Most of the teams with an opening, along with several others who may have one in short order, could be interested in Trotz, who is a two-time Jack Adams Trophy winner (2015-16 with the Capitals and 2018-19 in his first season with the Islanders).

So what does that mean for the Jets?

It’s time to put on the full-court press and they might just have to win a bidding war for his services.

For all of the talk about how Winnipeg isn’t a marquee destination for free agents, it’s incumbent on Chipman and Cheveldayoff to share their vision with Trotz when the dust settles and show him why he’s the perfect guy to help spark the turnaround.

That likely means spending more than they have before on the coaching budget, but this is an investment in helping the organization repair some of those foundational cracks that have emerged during the past several seasons.

Why would the Jets position be of interest to Trotz if he has options as we expect he will?

Despite having a somewhat flawed roster, there’s ample talent at the next coach’s disposal, beginning with Kyle Connor, who just put together the best offensive season in Jets 2.0 history by producing 47 goals and 93 points, noted play driver Nikolaj Ehlers and Pierre-Luc Dubois.

There’s also a top-end goalie in Connor Hellebuyck, depth down the middle and emerging prospects on the blue line that are ready to join Josh Morrissey, Neal Pionk and company.

Trotz could play an important role when it comes to Jets captain Blake Wheeler, as he was the person who helped convince Alex Ovechkin the reason he was shaving his ice time slightly was to keep him ready for the post-season.
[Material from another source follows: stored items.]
lemma permutes_le_iff_inv_set:
  assumes w: "w permutes {1..n}" and "p \<in> {1..n}" "q \<in> {1..n}"
  shows "w q \<le> w p \<longleftrightarrow> (if q \<le> p then (q, p) \<notin> inv_set n w else (p, q) \<in> inv_set n w)"
proof -
  have "w q = w p \<longleftrightarrow> q = p" using permutes_inj[OF w] by (simp add: inj_eq)
  then show ?thesis using assms unfolding inv_set_def by auto
qed

lemma card_le_value_permutes:
  assumes w: "w permutes {1..n}" and p: "p \<in> {1..n}"
  shows "card {q \<in> {1..n}. w q \<le> w p} = w p"
proof -
  have "w ` {q \<in> {1..n}. w q \<le> w p} = {v \<in> w ` {1..n}. v \<le> w p}" by auto
  also have "\<dots> = {1..w p}"
    using permutes_image[OF w] permutes_in_image[OF w, of p] p by auto
  finally have "card {1..w p} = card {q \<in> {1..n}. w q \<le> w p}"
    using inj_on_subset[OF permutes_inj[OF w] subset_UNIV] by (metis card_image)
  then show ?thesis by simp
qed

lemma weak_le_antisym:
  assumes u: "u permutes {1..n}" and v: "v permutes {1..n}"
    and "weak_le n u v" "weak_le n v u"
  shows "u = v"
proof
  fix p
  have inv: "inv_set n u = inv_set n v" using assms(3,4) by (simp add: weak_le_def)
  show "u p = v p"
  proof (cases "p \<in> {1..n}")
    case True
    have "{q \<in> {1..n}. u q \<le> u p} = {q \<in> {1..n}. v q \<le> v p}"
      using permutes_le_iff_inv_set[OF u True] permutes_le_iff_inv_set[OF v True] inv by auto
    then show ?thesis using card_le_value_permutes[OF u True] card_le_value_permutes[OF v True] by simp
  qed (simp add: permutes_not_in[OF u] permutes_not_in[OF v])
qed

lemma inv_set_swap_ascent:
  assumes u: "u permutes {1..n}" and "1 \<le> i" "i < k" "k \<le> n" and "u k = u i + 1"
  shows "inv_set n (u \<circ> Transposition.transpose i k) = insert (i, k) (inv_set n u)"
proof -
  have ne: "u r \<noteq> u i \<and> u r \<noteq> u k" if "r \<noteq> i" "r \<noteq> k" for r
    using permutes_inj[OF u] that by (simp add: inj_eq)
  show ?thesis
  proof (rule set_eqI)
    fix pq :: "nat \<times> nat"
    obtain p q where "pq = (p, q)" by fastforce
    then show "pq \<in> inv_set n (u \<circ> Transposition.transpose i k) \<longleftrightarrow> pq \<in> insert (i, k) (inv_set n u)"
      unfolding inv_set_def using assms ne[of p] ne[of q] by (auto simp: transpose_def split: if_splits)
  qed
qed

lemma parabolic_swap:
  assumes u: "u \<in> parabolic n J" and "1 \<le> i" "i < k" "k \<le> n"
    and "\<not> same_region J i k" and adj: "u k = u i + 1 \<or> u i = u k + 1"
  shows "u \<circ> Transposition.transpose i k \<in> parabolic n J"
proof -
  have up: "u permutes {1..n}" using u by (simp add: parabolic_def)
  have ne: "u r \<noteq> u i \<and> u r \<noteq> u k" if "r \<noteq> i" "r \<noteq> k" for r
    using permutes_inj[OF up] that by (simp add: inj_eq)
  have "\<not> (i \<in> J \<and> k = i + 1)"
    using \<open>\<not> same_region J i k\<close> unfolding same_region_def by (fastforce simp: less_Suc_eq_le)
  then have "(u \<circ> Transposition.transpose i k) t < (u \<circ> Transposition.transpose i k) (t + 1)"
    if "t \<in> J" for t
    using that u adj \<open>i < k\<close> ne[of t] ne[of "t + 1"] unfolding parabolic_def
    by (auto simp: transpose_def split: if_splits)
  moreover have "u \<circ> Transposition.transpose i k permutes {1..n}"
    using assms by (intro permutes_compose[OF _ up] permutes_swap_id) auto
  ultimately show ?thesis by (simp add: parabolic_def)
qed

lemma inv_set_swap_descent:
  assumes w: "w permutes {1..n}" and "1 \<le> i" "i < k" "k \<le> n" and "w i = w k + 1"
  shows "inv_set n w = insert (i, k) (inv_set n (w \<circ> Transposition.transpose i k))"
proof -
  have "w \<circ> Transposition.transpose i k permutes {1..n}"
    using assms by (intro permutes_compose[OF _ w] permutes_swap_id) auto
  then have "inv_set n (w \<circ> Transposition.transpose i k \<circ> Transposition.transpose i k) =
      insert (i, k) (inv_set n (w \<circ> Transposition.transpose i k))"
    using assms by (intro inv_set_swap_ascent) auto
  then show ?thesis by (simp add: comp_assoc)
qed

definition is_Pi_down :: "nat \<Rightarrow> nat set \<Rightarrow> (nat \<Rightarrow> nat) \<Rightarrow> (nat \<Rightarrow> nat) \<Rightarrow> bool" where
  "is_Pi_down n J w x \<longleftrightarrow> x \<in> parabolic n J \<and> avoids231 n J x \<and> weak_le n x w \<and>
      (\<forall>y. y \<in> parabolic n J \<and> avoids231 n J y \<and> weak_le n y w \<longrightarrow> weak_le n y x)"

definition is_Pi_up :: "nat \<Rightarrow> nat set \<Rightarrow> (nat \<Rightarrow> nat) \<Rightarrow> (nat \<Rightarrow> nat) \<Rightarrow> bool" where
  "is_Pi_up n J w x \<longleftrightarrow> x \<in> parabolic n J \<and> avoids132 n J x \<and> weak_le n w x \<and>
      (\<forall>y. y \<in> parabolic n J \<and> avoids132 n J y \<and> weak_le n w y \<longrightarrow> weak_le n x y)"

lemma is_Pi_down_unique:
  assumes "is_Pi_down n J w x" "is_Pi_down n J w x'"
  shows "x = x'"
proof (rule weak_le_antisym)
  show "x permutes {1..n}" "x' permutes {1..n}" using assms by (auto simp: is_Pi_down_def parabolic_def)
  show "weak_le n x x'" "weak_le n x' x" using assms unfolding is_Pi_down_def by blast+
qed

lemma avoids231_below_le_swap:
  assumes y: "y permutes {1..n}" "avoids231 n J y" "weak_le n y w"
    and w: "w permutes {1..n}" and ijk: "in_distinct_regions n J i j k"
    and "w i < w j" "w i = w k + 1"
  shows "weak_le n y (w \<circ> Transposition.transpose i k)"
proof -
  note ijk' = in_distinct_regionsD[OF ijk]
  have inv: "inv_set n y \<subseteq> inv_set n w" using y(3) by (simp add: weak_le_def)
  have inj: "y a = y b \<longleftrightarrow> a = b" for a b using permutes_inj[OF y(1)] by (simp add: inj_eq)
  have "y i < y k"
  proof (rule ccontr)
    assume "\<not> y i < y k"
    then have "y k < y i" using inj[of i k] ijk' by auto
    moreover have "(i, j) \<notin> inv_set n w" using \<open>w i < w j\<close> unfolding inv_set_def by auto
    then have "y i < y j" using inv inj[of i j] ijk' unfolding inv_set_def by auto
    moreover have "\<not> (y k < y p \<and> y p < y i)" if "i < p" "p < k" for p
    proof
      assume "y k < y p \<and> y p < y i"
      then have "(i, p) \<in> inv_set n y" "(p, k) \<in> inv_set n y"
        using that ijk' unfolding inv_set_def by auto
      then have "(i, p) \<in> inv_set n w" "(p, k) \<in> inv_set n w" using inv by auto
      then show False using \<open>w i = w k + 1\<close> unfolding inv_set_def by auto
    qed
    ultimately show False using not_avoids231I[OF y(1) ijk] y(2) by blast
  qed
  then have "(i, k) \<notin> inv_set n y" unfolding inv_set_def by auto
  then show ?thesis
    using inv inv_set_swap_descent[OF w ijk'(1) _ ijk'(4)] ijk' \<open>w i = w k + 1\<close>
    by (auto simp: weak_le_def)
qed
It didn’t mean he wasn’t still a valuable member of the team, but playing a bit less over 82 games would leave some additional gas in the tank for when the games really mattered.

Ovechkin eventually rewarded that belief with a complete buy-in and led his team to the promised land, playing a vital role every step of the way.

Wheeler is coming off a productive season that saw him finish with 60 points and his 17 goals are even more impressive when you consider he missed 17 games and didn’t score his first goal of the season until Dec. 10 (a 21-game drought to open the campaign).

But the soon-to-be 36 year old needs to move from first to second-line minutes next season.

Wheeler is doing his best to fend off Father Time and remains an important piece of the puzzle, but he’s reached the point of his career where he can accomplish more by playing a bit less.

Inking Trotz to a deal could also bring a bit more clarity to Mark Scheifele’s situation.

There would be an important heart-to-heart discussion on the horizon and it would not take long to figure out if Scheifele wants to be part of the solution or if it was time for him to part ways with the only organization the seventh overall pick in the 2011 NHL Draft has known.

Scheifele still has some untapped potential, even after being a point-per-game producer for six consecutive seasons, and if Trotz can help with the defensive-zone engagement, there could be another level to reach.

Building a winning culture isn’t an easy task, but bringing in a passionate, well-respected voice whose name was recently engraved on the Stanley Cup is an important place to start.